Post-cratonization deformation processes and tectonic evolution of the North China Craton

The timing of events during the tectonic evolution of the North China Craton (NCC) and the east China region is debated. Extension, compression, transpression, and shearing occurred throughout the NCC since similar to 320 Ma. These main structural stages and the temporal evolution of the structural framework and kinematics are summarized. We present here data from multiple structural and magmatic stages related to temporally varying kinematics and deformation mechanisms during the evolution of the post-cratonization of the NCC. The timing of each stage is constrained using isotopic dating, along with the timing of magmatic intrusion, dyke intrusion, and basin formation associated with tectonic transformation of the NCC. Age data indicate distinct structural and magmatic stages at similar to 1600-1500, 1300-1100, 445-315, 270-200, 170-155, 130-110, 75-65, and 25-20 Ma, relating to basin formation and continental uplift or collapse. These stages define the tectonic evolution and structural transformation of the NCC and associated de-rooting, reactivation, reworking, and orogenic growth.

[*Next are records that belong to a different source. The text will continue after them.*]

text \<open>If every entry of \<open>\<Gamma>\<^sub>k(1,\<rho>)\<close> satisfies \<open>\<bar>x\<^sub>i\<bar> \<le> C i\<^bsup>1-\<rho>\<^esup>\<close>, then
  \<open>\<bar>x\<^sub>i\<bar>\<^bsup>p\<^esup> \<le> C\<^bsup>p\<^esup> i\<^sup>2\<close> for \<open>p = 2/(1-\<rho>)\<close>, so the \<open>\<ell>\<^sub>p\<close> norm is at most
  \<open>C (\<Sum>\<^sub>i\<^sub>\<le>\<^sub>k i\<^sup>2)\<^bsup>(1-\<rho>)/2\<^esup> \<le> C (k(k+1)\<^sup>2/3)\<^bsup>(1-\<rho>)/2\<^esup>\<close>; combined with
  \<open>\<gamma>\<^sub>k(1) \<le> D/(k(k+1))\<close> this gives the rate \<open>k\<^bsup>-(1+3\<rho>)/2\<^esup>\<close> with constant
  \<open>D C 3\<^bsup>-(1-\<rho>)/2\<^esup>\<close>. (For \<open>\<rho> = 1\<close> the norm is the maximum and the bound is just \<open>C\<close>.)
  For \<open>\<alpha>\<^sub>k = 2/(k+1)\<close> one has \<open>\<gamma>\<^sub>k(1) = 2/(k(k+1))\<close> and \<open>C = 2\<^sup>\<rho>\<close>.
  For the recursive choice \<open>\<gamma>\<^sub>k(1) = \<alpha>\<^sub>k\<^sup>2\<close>, so the entries are \<open>(1/\<alpha>\<^sub>i)\<^bsup>1-\<rho>\<^esup>\<close>, and the
  recursion \<open>\<alpha>\<^sub>k\<^sup>2 = (1-\<alpha>\<^sub>k) \<alpha>\<^sub>k\<^sub>-\<^sub>1\<^sup>2\<close> makes \<open>1/\<alpha>\<^sub>k\<close> grow by between \<open>1/2\<close> and \<open>1\<close>
  per step, whence \<open>(k+1)/2 \<le> 1/\<alpha>\<^sub>k \<le> k\<close>; here \<open>D = 4\<close> and \<open>C = 1\<close>.\<close>

lemma sum_squares_le: "(\<Sum>i=1..k. (real i)\<^sup>2) \<le> real k * (real k + 1)\<^sup>2 / 3"
proof -
  have "(\<Sum>i=1..k. (real i)\<^sup>2) = real k * (real k + 1) * (2 * real k + 1) / 6"
    by (induction k) (auto simp: field_simps power2_eq_square)
  also have "\<dots> \<le> real k * (real k + 1) * (2 * (real k + 1)) / 6"
    by (intro divide_right_mono mult_left_mono) auto
  also have "\<dots> = real k * (real k + 1)\<^sup>2 / 3"
    by (simp add: power2_eq_square)
  finally show ?thesis .
qed

lemma sum_squares_powr_div_le:
  fixes k q :: real
  assumes "k > 0" "0 \<le> q" "q \<le> 1/2"
  shows "(k * (k + 1)\<^sup>2 / 3) powr q / (k * (k + 1)) \<le> 3 powr (- q) * k powr (3 * q - 2)"
proof -
  have "(k + 1)\<^sup>2 = (k + 1) powr 2"
    using assms by (simp add: powr_numeral)
  then have "((k + 1)\<^sup>2) powr q = (k + 1) powr (2 * q)"
    by (simp add: powr_powr)
  moreover have "(k * (k + 1)\<^sup>2 / 3) powr q = k powr q * ((k + 1)\<^sup>2) powr q / 3 powr q"
    using assms by (simp add: powr_divide powr_mult)
  ultimately have "(k * (k + 1)\<^sup>2 / 3) powr q / (k * (k + 1))
      = 3 powr (- q) * (k powr q * (k + 1) powr (2 * q)) / (k * (k + 1))"
    by (simp add: powr_minus_divide)
  also have "\<dots> = 3 powr (- q) * (k powr (q - 1) * (k + 1) powr (2 * q - 1))"
    using assms by (simp add: powr_diff)
  also have "\<dots> \<le> 3 powr (- q) * (k powr (q - 1) * k powr (2 * q - 1))"
  proof -
    have "(k + 1) powr (2 * q - 1) \<le> k powr (2 * q - 1)"
      using assms by (intro powr_mono2') auto
    then show ?thesis
      by (intro mult_left_mono) auto
  qed
  also have "k powr (q - 1) * k powr (2 * q - 1) = k powr (3 * q - 2)"
  proof -
    have "3 * q - 2 = (q - 1) + (2 * q - 1)"
      by simp
    then show ?thesis
      by (simp only: powr_add)
  qed
  finally show ?thesis .
qed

The tectonic setting and movement direction of adjacent plates changed multiple times during the various stages. The stages are as follows: separation of the NCC from the Gondwana supercontinent and northwards drift; formation of the Central Asian orogenic belt (CAOB) and northwards subduction of the Yangtze plate, resulting in closure of the Qinling Ocean; the rapid initial formation of the western Pacific plate and subsequent subduction; and final closure of the Mongol-Okhotsk Ocean, combined with closure of the Bangong-Nujiang Suture Zone and southwards movement of the Siberian continent, as well as thinning of the North China cratonic lithosphere. Moreover, temporal and spatial changes in deformation, magmatism, and basin formation, as well as kinematic and mechanical transformations, occurred in response to the changing tectonic setting and movement direction of surrounding plates. These various factors resulted in a complex structural evolution of the NCC since 1.8 Ga.